Reproduce the entries below exactly, but only from the line containing "powr \<theta>) * D s))" to the line containing "using powr_ge_zero[of s", inclusive.

▸ **Data for review**
==*==

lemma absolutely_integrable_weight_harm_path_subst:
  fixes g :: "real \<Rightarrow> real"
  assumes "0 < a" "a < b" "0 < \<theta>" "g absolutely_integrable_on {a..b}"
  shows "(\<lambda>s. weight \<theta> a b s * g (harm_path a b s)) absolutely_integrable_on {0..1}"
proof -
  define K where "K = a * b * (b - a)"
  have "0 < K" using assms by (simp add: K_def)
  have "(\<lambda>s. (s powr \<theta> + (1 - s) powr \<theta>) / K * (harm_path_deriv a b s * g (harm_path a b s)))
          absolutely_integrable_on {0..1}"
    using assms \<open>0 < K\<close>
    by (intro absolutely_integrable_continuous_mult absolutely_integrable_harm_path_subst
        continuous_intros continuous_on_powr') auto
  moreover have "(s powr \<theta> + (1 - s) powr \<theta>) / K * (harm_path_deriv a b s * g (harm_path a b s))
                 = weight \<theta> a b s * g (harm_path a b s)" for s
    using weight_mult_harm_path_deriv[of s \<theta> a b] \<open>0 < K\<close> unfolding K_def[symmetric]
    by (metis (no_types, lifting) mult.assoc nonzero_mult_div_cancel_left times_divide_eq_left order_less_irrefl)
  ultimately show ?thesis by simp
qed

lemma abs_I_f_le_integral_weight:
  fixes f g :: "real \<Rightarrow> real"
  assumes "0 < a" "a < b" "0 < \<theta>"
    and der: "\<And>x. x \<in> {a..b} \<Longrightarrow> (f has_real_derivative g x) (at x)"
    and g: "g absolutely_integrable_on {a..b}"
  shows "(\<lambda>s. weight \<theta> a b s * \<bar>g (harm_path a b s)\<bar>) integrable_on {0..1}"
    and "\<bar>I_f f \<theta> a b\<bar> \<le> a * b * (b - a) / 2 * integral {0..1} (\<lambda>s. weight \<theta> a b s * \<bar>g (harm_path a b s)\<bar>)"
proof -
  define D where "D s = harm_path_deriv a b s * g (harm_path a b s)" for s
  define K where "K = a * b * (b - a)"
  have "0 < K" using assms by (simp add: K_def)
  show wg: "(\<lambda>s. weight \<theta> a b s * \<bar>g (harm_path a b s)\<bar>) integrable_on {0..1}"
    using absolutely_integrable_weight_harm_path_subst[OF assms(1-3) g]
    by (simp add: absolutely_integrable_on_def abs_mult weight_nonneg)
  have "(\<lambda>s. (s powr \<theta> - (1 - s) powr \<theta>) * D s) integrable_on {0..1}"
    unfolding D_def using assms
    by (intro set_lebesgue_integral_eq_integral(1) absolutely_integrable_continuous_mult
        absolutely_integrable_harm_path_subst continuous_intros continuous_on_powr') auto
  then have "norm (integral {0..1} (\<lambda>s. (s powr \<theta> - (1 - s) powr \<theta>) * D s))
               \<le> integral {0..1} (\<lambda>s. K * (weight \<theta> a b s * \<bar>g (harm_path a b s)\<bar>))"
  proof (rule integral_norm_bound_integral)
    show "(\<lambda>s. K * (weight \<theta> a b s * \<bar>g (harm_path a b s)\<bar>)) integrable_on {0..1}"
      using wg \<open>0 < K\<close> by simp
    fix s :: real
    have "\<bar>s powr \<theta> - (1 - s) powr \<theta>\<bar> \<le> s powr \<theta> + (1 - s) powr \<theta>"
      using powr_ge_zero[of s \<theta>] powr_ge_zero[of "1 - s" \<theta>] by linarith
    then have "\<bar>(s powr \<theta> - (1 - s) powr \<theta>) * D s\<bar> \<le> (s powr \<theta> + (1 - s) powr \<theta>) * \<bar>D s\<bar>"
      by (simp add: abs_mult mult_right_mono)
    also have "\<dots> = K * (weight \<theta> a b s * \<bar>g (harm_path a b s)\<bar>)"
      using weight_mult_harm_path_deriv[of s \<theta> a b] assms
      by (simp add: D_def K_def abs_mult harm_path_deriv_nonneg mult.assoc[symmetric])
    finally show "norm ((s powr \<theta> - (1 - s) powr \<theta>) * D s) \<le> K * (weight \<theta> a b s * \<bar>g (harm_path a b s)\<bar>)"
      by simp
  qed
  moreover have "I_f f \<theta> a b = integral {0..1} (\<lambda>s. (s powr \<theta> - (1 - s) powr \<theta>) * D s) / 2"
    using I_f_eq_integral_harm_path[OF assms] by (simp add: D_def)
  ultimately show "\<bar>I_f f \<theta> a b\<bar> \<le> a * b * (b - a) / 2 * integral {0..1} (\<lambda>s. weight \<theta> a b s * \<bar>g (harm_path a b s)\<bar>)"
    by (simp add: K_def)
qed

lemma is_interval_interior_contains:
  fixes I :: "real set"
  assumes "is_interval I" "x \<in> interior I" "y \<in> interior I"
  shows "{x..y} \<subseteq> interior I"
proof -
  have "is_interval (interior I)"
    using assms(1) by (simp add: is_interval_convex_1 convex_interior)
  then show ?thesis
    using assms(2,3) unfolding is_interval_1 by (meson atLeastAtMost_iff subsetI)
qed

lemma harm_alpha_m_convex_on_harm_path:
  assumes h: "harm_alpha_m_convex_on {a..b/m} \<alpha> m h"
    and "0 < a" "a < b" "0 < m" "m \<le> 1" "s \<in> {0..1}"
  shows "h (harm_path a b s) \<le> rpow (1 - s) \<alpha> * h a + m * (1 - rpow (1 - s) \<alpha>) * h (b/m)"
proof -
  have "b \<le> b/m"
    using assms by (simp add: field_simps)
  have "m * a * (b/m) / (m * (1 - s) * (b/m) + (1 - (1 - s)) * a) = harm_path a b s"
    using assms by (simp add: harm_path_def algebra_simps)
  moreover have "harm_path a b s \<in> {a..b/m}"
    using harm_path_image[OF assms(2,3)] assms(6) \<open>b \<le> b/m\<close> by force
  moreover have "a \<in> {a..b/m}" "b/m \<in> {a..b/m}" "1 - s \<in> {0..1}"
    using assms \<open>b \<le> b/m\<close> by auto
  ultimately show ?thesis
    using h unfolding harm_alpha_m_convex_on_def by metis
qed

==*==

▸ **Task solution**
  then have "norm (integral {0..1} (\<lambda>s. (s powr \<theta> - (1 - s) powr \<theta>) * D s))
               \<le> integral {0..1} (\<lambda>s. K * (weight \<theta> a b s * \<bar>g (harm_path a b s)\<bar>))"
  proof (rule integral_norm_bound_integral)
    show "(\<lambda>s. K * (weight \<theta> a b s * \<bar>g (harm_path a b s)\<bar>)) integrable_on {0..1}"
      using wg \<open>0 < K\<close> by simp
    fix s :: real
    have "\<bar>s powr \<theta> - (1 - s) powr \<theta>\<bar> \<le> s powr \<theta> + (1 - s) powr \<theta>"
      using powr_ge_zero[of s \<theta>] powr_ge_zero[of "1 - s" \<theta>] by linarith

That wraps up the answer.